Column :  item_id  , Null values percentage :  0.0
Column :  user_id  , Null values percentage :  0.0010010711461263552
Column :  rating  , Null values percentage :  0.0
Column :  timestamp  , Null values percentage :  0.0
Column :  size  , Null values percentage :  21.78330813970949
Column :  fit  , Null values percentage :  18.52582263021433
Column :  user_attr  , Null values percentage :  8.375962279639214
Column :  model_attr  , Null values percentage :  0.0
Column :  category  , Null values percentage :  0.0
Column :  brand  , Null values percentage :  74.05924339042775
Column :  year  , Null values percentage :  0.0
Column :  split  , Null values percentage :  0.0

Column :  item_id  , Unique values :  1020
Column :  user_id  , Unique values :  44784
Column :  rating  , Unique values :  5
Column :  timestamp  , Unique values :  14741
Column :  size  , Unique values :  10
Column :  fit  , Unique values :  6
Column :  user_attr  , Unique values :  3
Column :  model_attr  , Unique v

### Conclusion

1. Data for electronics has no null values other than for `brands` and `user_attr`. These fields have a very high null value percentage, therefore are unfit for further analysis.
2. Data for cloth on the other hand has null values even for `user_id` field.
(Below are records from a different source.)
(* Fix $\delta\in(0,1)$. For $x$ large enough and any $\epsilon>0$, $$\sum_{\substack{x^{\delta}<d\le x\\ d\in \mathcal S(x,(\log x)^2)}}\frac{3^{\omega(d)}}{d}\ \ll\ x^{-\frac{\delta}{2}+\epsilon}.$$ Moreover, there is a positive constant $c$ such that for every positive integer $t$ with $x^{1/t}\ge(\log x)^2$, $$\sum_{\substack{x^{\delta}<d\le x\\ d\in \mathcal S(x,x^{1/t})}}\frac{3^{\omega(d)}}{d}\ \ll\ (\log x)^3\exp(-c\,t\log t).$$
   Context: For $x,y\ge1$, $\mathcal S(x,y)$ denotes the set of natural numbers less than $x$ all of whose prime factors are less than $y$ ($y$-smooth numbers). $\omega(d)$ denotes the number of distinct prime divisors of $d$. *)

theory Defs
  imports "HOL-Analysis.Analysis" "HOL-Computational_Algebra.Primes"
begin

definition smooth_set :: "real \<Rightarrow> real \<Rightarrow> nat set" where
  "smooth_set x y = {n::nat. 1 \<le> n \<and> real n < x \<and> (\<forall>p\<in>prime_factors n. real p < y)}"

definition omega :: "nat \<Rightarrow> nat" where
  "omega d = card (prime_factors d)"

definition smooth_sum :: "real \<Rightarrow> real \<Rightarrow> real \<Rightarrow> real" where
  "smooth_sum \<delta> x y =
     (\<Sum>d\<in>{d. x powr \<delta> < real d \<and> real d \<le> x \<and> d \<in> smooth_set x y}.
        3 ^ omega d / real d)"

end

theory Submission
  imports Defs "HOL-Real_Asymp.Real_Asymp"
begin

(* Rankin's trick. For 0 <= alpha <= 1/2 every d > x^delta has 1 < (d / x^delta)^alpha, so the sum is
   at most x^(-delta alpha) times the sum of 3^omega(d) d^(alpha - 1) over S(x, y). Splitting d along
   the 3-colourings of its prime factors bounds this by the cube of T, the sum of n^(alpha - 1) over
   S(x, y). Writing n^alpha as the divisor sum of the nonnegative multiplicative function h with
   h(p^k) = p^(k alpha) - p^((k - 1) alpha) and putting n = d b with b < x gives
   T <= (1 + ln x) prod_(p < y) (1 + sum_k h(p^k) / p^k) <= (1 + ln x) exp (4 sum_(p < y) (p^alpha - 1) / p),
   and p^alpha - 1 <= alpha p^alpha ln p together with Chebyshev's sum_(p <= y) ln p / p <= 2 ln y yields
   sum <= (1 + ln x)^3 exp (alpha (24 y^alpha ln y - delta ln x)).
   For y = (ln x)^2 take alpha slightly below 1/2; for y = x^(1/t) take y^alpha = delta t / 48 when t
   is large and alpha = 0 otherwise. *)

lemma sum_le_sum_inj_on:
  fixes g :: "'b \<Rightarrow> 'c::ordered_comm_monoid_add"
  assumes "finite T" "inj_on j S" "j ` S \<subseteq> T" "\<And>w. w \<in> T \<Longrightarrow> 0 \<le> g w"
    "\<And>z. z \<in> S \<Longrightarrow> f z \<le> g (j z)"
  shows "sum f S \<le> sum g T"
proof -
  have "sum f S \<le> (\<Sum>z\<in>S. g (j z))" by (intro sum_mono assms(5))
  also have "\<dots> = sum g (j ` S)" using assms(2) by (simp add: sum.reindex)
  also have "\<dots> \<le> sum g T" using assms by (intro sum_mono2) auto
  finally show ?thesis .
qed

lemma nat_le_ceiling_of_less:
  assumes "real p < y"
  shows "p \<le> nat \<lceil>y\<rceil>"
proof -
  have "real p \<le> of_int \<lceil>y\<rceil>" using le_of_int_ceiling[of y] assms by linarith
  then show ?thesis by (simp add: le_nat_iff)
qed

lemma finite_nat_less_real: "finite {n::nat. real n < x}"
  by (rule finite_subset[of _ "{..nat \<lceil>x\<rceil>}"]) (auto intro: nat_le_ceiling_of_less)

lemma sum_inverse_le_1_plus_ln:
  fixes x :: real
  assumes "x \<ge> 1"
  shows "(\<Sum>b\<in>{b::nat. 1 \<le> b \<and> real b < x}. 1 / real b) \<le> 1 + ln x"
proof -
  define n where "n = nat \<lfloor>x\<rfloor>"
  have n: "n \<ge> 1" "real n \<le> x" using assms by (simp_all add: n_def le_nat_iff)
  have "{b::nat. 1 \<le> b \<and> real b < x} \<subseteq> {1..n}"
    by (auto simp: n_def le_nat_iff le_floor_iff)
  then have "(\<Sum>b\<in>{b::nat. 1 \<le> b \<and> real b < x}. 1 / real b) \<le> (\<Sum>b\<in>{1..n}. 1 / real b)"
    by (intro sum_mono2) auto
  also have "\<dots> = harm n" by (simp add: harm_def divide_inverse)
  also have "\<dots> \<le> 1 + ln (real n)"
    using euler_mascheroni_sequence_decreasing[of 1 n] n by (simp add: harm_def)
  also have "ln (real n) \<le> ln x" using n by simp
  finally show ?thesis by simp
qed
Since this field is key to our formula, we will drop all rows with null user_id. Features `size`, `fit` and `user_attr` can be used after imputation. Feature `brand` has a very high null value percentage, therefore is unfit for further analysis. 
3. Both the datasets have features which have less than or equal to 10 unique values. Such features can be one hot encoded.